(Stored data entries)
--------------------------------
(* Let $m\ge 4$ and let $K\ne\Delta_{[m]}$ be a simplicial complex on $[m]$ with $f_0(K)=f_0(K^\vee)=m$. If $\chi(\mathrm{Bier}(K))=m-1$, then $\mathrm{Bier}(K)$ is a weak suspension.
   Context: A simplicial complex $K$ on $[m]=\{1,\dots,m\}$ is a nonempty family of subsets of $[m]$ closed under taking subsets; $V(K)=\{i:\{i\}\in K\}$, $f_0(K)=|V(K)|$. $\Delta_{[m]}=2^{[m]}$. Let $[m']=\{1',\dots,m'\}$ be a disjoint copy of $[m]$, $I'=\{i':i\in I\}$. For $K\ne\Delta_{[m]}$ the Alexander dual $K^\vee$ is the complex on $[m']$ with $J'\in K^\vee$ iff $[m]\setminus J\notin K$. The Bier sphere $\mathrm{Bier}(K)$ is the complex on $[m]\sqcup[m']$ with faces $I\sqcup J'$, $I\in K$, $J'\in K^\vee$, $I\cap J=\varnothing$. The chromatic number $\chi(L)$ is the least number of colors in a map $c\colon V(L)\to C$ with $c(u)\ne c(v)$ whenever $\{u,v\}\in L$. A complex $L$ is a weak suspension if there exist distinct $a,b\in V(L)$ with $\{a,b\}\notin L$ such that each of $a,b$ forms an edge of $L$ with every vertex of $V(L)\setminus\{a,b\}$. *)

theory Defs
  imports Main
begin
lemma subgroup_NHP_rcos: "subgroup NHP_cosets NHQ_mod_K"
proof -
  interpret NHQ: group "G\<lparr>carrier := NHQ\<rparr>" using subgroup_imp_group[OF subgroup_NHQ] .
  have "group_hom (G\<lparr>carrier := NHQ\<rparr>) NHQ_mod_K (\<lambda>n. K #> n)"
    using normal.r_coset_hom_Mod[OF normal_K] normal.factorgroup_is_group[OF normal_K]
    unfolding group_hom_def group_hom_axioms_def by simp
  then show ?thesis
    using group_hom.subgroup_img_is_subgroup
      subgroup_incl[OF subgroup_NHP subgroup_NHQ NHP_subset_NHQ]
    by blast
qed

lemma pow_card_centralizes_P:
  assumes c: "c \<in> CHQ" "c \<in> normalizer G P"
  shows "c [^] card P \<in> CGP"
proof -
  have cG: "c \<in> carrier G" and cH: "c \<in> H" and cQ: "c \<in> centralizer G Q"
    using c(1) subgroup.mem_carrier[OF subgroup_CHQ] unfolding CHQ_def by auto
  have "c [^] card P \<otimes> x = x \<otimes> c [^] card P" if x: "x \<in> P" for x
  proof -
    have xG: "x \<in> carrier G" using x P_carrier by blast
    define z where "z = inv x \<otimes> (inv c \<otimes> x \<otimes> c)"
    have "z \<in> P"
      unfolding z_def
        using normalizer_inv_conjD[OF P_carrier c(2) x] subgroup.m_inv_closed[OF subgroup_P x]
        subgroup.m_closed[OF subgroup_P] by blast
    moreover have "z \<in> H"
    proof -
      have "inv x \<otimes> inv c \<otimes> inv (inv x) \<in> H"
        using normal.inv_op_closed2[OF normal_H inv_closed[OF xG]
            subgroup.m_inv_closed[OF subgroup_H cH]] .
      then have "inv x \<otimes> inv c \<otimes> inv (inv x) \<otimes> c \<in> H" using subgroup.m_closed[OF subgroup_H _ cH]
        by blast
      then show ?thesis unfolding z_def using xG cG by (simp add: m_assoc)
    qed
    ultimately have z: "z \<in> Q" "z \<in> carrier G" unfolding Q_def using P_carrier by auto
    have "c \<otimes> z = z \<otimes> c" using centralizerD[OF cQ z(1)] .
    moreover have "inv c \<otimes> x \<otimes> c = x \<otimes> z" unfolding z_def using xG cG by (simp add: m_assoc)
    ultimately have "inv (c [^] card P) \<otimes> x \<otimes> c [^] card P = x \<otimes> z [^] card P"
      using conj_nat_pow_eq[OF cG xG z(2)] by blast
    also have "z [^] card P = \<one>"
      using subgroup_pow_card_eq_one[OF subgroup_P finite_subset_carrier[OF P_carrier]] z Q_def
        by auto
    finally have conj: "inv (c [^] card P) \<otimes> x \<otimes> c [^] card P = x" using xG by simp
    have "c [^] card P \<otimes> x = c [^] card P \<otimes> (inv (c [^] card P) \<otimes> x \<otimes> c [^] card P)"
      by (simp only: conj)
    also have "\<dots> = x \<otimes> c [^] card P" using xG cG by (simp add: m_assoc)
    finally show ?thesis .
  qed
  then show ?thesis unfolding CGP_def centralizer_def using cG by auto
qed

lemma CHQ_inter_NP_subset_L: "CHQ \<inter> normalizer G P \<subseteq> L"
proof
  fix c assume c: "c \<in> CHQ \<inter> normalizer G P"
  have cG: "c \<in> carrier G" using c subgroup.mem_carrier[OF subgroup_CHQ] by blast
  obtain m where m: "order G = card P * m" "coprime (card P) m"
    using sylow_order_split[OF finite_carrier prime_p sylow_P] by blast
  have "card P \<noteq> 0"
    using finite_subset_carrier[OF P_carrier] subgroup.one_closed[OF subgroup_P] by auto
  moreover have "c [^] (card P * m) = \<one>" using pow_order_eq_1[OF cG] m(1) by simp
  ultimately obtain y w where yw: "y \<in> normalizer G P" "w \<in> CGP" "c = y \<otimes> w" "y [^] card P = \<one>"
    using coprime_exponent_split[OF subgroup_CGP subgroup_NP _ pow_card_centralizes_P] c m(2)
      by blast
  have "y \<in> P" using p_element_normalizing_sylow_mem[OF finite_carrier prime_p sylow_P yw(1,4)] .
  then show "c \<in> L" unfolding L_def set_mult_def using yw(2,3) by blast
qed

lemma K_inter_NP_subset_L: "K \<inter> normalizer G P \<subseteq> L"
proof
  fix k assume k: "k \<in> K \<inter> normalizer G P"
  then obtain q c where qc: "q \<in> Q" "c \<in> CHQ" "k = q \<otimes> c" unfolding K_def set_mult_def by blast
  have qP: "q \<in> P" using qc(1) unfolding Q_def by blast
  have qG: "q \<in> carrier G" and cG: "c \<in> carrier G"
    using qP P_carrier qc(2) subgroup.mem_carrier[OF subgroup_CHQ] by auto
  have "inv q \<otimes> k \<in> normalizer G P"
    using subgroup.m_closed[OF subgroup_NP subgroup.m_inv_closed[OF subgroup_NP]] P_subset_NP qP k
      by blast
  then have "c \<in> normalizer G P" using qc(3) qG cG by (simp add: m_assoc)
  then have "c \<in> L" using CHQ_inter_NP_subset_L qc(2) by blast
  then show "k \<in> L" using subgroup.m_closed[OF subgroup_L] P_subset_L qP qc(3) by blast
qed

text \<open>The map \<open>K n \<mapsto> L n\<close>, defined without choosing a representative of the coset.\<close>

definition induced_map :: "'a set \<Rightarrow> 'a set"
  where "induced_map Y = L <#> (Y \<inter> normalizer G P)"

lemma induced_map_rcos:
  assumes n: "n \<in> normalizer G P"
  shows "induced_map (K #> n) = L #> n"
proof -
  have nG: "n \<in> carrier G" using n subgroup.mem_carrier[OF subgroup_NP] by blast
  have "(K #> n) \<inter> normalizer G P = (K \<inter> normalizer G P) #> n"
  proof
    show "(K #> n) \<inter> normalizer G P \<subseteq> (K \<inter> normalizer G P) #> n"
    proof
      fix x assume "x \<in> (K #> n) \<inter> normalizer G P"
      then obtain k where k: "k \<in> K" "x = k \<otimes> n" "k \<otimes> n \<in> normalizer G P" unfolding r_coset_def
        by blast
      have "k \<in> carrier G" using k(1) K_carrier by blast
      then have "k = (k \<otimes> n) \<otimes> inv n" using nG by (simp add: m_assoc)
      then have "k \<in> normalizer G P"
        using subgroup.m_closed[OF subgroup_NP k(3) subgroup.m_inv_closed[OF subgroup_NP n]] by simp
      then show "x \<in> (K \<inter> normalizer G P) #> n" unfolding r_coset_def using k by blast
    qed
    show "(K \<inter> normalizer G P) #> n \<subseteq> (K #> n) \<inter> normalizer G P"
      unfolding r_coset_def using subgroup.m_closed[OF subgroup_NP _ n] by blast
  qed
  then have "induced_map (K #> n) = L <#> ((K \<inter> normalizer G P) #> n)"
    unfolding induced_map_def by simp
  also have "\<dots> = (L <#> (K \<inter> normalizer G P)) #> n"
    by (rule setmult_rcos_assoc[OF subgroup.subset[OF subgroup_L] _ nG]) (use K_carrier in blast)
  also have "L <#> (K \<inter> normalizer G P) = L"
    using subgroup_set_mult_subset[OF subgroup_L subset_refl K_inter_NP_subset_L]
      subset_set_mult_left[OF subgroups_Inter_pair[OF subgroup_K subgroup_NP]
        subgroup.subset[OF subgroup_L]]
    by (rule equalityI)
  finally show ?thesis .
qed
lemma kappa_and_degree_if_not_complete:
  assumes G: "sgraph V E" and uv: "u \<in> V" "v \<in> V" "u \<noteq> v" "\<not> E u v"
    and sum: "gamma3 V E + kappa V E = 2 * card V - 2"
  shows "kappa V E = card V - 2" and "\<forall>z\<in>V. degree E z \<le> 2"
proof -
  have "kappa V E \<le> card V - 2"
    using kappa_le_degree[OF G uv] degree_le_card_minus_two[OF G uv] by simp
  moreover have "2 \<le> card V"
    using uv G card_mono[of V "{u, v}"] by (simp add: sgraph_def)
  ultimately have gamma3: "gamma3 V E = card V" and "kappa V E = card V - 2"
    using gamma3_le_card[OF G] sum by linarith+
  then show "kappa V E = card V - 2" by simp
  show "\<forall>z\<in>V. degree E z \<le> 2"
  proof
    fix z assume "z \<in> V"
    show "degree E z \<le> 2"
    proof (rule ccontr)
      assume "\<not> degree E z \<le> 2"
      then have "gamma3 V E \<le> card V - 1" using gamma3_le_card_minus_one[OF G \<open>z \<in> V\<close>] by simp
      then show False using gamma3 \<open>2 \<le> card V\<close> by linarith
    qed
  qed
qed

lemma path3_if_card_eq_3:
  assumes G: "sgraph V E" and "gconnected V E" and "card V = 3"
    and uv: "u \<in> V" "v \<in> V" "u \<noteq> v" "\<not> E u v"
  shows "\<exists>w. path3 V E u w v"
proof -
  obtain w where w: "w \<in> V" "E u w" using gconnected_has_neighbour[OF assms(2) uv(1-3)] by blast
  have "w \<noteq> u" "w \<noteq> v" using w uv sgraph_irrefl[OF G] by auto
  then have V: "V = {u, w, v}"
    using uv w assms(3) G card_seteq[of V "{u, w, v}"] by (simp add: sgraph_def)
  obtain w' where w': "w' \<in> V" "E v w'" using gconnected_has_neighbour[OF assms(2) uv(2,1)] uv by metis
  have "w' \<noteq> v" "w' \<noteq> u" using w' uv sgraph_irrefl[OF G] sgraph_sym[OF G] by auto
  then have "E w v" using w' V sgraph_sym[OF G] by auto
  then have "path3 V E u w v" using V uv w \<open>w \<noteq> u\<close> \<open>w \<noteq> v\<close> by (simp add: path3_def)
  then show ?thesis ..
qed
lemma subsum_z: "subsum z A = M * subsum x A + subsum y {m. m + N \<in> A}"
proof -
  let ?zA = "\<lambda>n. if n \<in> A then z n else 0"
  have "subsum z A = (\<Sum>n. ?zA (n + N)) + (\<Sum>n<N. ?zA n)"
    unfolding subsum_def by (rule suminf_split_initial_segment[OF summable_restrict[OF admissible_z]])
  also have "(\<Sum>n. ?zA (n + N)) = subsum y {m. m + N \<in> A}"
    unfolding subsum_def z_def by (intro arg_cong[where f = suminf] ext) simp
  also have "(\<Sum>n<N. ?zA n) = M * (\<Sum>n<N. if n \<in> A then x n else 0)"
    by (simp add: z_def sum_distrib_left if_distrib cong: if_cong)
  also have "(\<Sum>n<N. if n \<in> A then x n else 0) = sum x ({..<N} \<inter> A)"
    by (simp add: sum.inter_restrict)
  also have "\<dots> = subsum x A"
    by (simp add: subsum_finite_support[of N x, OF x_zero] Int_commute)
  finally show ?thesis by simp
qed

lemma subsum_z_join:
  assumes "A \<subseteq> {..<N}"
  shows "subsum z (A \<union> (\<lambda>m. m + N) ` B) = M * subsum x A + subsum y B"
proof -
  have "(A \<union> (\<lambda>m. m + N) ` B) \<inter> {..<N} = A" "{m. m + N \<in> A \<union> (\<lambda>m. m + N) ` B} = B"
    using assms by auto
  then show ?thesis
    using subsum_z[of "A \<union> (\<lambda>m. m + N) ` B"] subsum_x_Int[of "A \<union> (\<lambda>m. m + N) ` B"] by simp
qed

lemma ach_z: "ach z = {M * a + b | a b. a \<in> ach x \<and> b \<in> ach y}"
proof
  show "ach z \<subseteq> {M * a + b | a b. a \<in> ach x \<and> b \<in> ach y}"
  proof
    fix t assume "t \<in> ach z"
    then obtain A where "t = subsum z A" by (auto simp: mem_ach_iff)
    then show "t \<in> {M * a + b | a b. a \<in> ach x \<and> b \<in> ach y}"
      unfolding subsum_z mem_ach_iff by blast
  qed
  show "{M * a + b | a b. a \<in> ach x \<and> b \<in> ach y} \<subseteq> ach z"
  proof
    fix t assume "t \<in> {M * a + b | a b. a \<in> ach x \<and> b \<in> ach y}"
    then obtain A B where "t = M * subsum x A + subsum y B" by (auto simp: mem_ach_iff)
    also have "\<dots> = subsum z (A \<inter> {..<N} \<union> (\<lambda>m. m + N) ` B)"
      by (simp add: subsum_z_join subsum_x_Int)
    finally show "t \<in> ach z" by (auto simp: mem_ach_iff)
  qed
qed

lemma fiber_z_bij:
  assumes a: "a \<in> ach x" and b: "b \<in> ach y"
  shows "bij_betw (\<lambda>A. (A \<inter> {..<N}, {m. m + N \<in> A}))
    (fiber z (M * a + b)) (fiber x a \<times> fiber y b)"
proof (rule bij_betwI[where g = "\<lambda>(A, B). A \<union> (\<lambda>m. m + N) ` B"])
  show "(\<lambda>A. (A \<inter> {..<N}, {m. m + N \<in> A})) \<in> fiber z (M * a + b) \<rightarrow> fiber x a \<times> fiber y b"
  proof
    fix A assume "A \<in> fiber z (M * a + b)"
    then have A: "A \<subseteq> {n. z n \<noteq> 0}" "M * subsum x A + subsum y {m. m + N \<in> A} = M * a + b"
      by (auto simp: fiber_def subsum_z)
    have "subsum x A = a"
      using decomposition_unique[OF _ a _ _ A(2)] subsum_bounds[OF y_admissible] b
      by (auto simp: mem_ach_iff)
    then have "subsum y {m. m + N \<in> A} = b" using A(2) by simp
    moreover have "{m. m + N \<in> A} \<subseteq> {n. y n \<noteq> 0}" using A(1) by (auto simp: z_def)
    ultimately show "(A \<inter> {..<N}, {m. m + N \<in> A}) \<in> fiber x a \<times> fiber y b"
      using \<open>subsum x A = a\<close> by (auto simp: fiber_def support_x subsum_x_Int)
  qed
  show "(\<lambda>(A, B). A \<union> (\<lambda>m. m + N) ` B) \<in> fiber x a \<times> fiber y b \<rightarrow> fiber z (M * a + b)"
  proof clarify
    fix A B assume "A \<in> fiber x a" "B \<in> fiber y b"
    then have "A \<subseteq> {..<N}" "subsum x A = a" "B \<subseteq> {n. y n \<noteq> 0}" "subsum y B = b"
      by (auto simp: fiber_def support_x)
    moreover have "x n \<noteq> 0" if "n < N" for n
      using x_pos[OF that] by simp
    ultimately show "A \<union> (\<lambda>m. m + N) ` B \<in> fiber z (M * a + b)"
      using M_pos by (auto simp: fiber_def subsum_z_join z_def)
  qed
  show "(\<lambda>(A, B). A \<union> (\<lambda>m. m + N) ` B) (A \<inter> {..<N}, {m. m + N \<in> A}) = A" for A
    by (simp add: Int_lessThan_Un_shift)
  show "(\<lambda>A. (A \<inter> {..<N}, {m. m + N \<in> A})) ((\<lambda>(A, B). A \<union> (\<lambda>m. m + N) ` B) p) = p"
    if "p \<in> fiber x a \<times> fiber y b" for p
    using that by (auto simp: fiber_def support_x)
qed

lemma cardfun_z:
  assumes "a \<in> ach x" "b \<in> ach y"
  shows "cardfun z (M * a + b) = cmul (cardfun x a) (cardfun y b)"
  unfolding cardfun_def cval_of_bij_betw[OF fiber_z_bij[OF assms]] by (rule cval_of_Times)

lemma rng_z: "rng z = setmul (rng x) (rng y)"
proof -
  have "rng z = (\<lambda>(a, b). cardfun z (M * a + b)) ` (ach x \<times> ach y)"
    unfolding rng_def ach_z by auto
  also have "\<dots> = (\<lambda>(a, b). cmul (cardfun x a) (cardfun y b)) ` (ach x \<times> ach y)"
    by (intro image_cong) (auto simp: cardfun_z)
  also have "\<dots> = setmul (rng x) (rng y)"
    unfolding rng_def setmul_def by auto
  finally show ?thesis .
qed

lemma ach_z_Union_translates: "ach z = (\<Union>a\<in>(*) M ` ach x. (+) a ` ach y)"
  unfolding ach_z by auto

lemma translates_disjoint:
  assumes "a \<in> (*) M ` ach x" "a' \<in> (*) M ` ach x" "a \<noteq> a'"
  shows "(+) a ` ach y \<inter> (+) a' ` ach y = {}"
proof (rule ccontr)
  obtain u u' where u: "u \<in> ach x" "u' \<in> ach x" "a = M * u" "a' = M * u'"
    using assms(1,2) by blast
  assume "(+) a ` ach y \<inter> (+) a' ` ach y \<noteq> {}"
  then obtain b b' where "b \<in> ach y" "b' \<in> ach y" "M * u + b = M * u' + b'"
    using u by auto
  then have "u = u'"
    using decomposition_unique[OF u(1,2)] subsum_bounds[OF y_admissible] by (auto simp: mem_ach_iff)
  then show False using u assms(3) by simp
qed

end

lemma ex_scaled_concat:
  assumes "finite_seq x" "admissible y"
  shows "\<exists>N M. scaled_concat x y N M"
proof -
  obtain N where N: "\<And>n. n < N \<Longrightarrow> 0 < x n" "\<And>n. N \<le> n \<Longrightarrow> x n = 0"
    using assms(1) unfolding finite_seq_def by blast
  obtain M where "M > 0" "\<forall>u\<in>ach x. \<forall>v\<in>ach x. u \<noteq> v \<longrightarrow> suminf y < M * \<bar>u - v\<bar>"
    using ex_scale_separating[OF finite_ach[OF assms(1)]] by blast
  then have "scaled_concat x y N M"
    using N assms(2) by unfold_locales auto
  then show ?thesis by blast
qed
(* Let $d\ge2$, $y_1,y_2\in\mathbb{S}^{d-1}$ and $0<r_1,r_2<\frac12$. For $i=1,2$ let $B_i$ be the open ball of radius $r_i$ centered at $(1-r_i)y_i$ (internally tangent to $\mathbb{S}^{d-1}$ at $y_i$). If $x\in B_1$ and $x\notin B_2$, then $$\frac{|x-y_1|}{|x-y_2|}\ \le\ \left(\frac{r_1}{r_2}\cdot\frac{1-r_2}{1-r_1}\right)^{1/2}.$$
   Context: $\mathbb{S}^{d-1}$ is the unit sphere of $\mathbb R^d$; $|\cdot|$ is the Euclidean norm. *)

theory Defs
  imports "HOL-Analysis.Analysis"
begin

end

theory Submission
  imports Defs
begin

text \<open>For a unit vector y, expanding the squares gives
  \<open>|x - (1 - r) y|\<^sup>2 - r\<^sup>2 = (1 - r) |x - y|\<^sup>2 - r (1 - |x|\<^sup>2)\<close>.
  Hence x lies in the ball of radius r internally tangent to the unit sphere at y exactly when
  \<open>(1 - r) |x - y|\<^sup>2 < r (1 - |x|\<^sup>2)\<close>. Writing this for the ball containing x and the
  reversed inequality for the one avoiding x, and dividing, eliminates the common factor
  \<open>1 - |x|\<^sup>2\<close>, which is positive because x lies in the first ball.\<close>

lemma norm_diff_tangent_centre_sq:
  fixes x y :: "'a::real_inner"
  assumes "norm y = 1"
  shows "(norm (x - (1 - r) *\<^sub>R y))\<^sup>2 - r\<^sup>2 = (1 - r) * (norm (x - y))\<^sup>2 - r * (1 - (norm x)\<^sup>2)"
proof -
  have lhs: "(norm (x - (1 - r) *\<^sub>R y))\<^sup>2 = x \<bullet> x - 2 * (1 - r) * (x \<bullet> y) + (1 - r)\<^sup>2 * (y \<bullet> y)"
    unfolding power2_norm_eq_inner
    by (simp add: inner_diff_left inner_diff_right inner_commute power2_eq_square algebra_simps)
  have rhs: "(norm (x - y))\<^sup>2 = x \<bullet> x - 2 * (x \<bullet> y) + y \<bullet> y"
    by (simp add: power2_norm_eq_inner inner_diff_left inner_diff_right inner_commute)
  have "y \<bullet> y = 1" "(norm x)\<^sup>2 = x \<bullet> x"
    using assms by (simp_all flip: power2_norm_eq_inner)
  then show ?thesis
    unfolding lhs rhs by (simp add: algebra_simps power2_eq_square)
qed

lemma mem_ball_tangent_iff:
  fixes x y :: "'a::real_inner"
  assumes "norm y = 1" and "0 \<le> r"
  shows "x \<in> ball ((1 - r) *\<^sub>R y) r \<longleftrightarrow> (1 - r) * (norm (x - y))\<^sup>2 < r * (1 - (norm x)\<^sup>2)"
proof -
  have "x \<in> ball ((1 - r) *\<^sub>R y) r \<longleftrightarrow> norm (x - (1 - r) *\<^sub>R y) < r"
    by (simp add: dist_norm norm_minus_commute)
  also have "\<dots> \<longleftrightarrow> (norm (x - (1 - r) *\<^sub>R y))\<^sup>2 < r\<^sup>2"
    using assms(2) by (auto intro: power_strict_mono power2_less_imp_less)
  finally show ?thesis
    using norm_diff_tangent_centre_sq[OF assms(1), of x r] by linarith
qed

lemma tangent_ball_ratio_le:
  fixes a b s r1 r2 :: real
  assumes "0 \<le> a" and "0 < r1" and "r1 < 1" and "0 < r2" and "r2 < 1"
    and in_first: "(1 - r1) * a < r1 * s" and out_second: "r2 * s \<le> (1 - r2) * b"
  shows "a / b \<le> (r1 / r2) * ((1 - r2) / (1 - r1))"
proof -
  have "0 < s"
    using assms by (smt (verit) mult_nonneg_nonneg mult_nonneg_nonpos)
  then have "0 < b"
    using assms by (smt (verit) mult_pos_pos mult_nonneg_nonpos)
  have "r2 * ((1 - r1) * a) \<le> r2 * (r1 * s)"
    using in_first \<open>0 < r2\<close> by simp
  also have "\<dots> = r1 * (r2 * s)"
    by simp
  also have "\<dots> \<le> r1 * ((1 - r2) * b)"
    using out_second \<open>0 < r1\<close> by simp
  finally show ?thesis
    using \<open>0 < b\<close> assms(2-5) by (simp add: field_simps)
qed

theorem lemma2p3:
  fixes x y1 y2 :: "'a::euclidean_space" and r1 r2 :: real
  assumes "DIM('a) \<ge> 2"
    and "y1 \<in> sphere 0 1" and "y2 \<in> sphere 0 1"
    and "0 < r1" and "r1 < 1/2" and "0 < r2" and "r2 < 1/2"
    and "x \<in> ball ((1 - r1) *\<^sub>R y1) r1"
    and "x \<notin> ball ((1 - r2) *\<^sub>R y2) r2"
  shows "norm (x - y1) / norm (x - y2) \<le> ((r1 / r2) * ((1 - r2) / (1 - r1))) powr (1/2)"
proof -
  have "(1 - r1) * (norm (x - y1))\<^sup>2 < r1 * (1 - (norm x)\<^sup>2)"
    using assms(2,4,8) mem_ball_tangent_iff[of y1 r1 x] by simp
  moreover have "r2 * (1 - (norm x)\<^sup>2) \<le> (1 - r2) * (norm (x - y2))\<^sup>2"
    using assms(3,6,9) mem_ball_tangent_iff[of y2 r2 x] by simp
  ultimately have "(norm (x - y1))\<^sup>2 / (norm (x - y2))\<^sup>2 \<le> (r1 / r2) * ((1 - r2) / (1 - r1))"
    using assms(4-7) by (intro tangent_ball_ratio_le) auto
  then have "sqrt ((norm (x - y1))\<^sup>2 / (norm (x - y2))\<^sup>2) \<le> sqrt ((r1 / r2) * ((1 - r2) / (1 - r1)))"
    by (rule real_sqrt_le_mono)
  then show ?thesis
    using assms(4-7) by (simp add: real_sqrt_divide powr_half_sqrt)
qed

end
--------------------------------
__PROBLEM DETAILS__. Your task is to transcribe exactly the lines from the one with "r1) * (norm" through the end of the data, both included, and nothing besides.

__EXERCISE RESULT__.
  have "(1 - r1) * (norm (x - y1))\<^sup>2 < r1 * (1 - (norm x)\<^sup>2)"
    using assms(2,4,8) mem_ball_tangent_iff[of y1 r1 x] by simp
  moreover have "r2 * (1 - (norm x)\<^sup>2) \<le> (1 - r2) * (norm (x - y2))\<^sup>2"
    using assms(3,6,9) mem_ball_tangent_iff[of y2 r2 x] by simp
  ultimately have "(norm (x - y1))\<^sup>2 / (norm (x - y2))\<^sup>2 \<le> (r1 / r2) * ((1 - r2) / (1 - r1))"
    using assms(4-7) by (intro tangent_ball_ratio_le) auto
  then have "sqrt ((norm (x - y1))\<^sup>2 / (norm (x - y2))\<^sup>2) \<le> sqrt ((r1 / r2) * ((1 - r2) / (1 - r1)))"
    by (rule real_sqrt_le_mono)
  then show ?thesis
    using assms(4-7) by (simp add: real_sqrt_divide powr_half_sqrt)
qed

end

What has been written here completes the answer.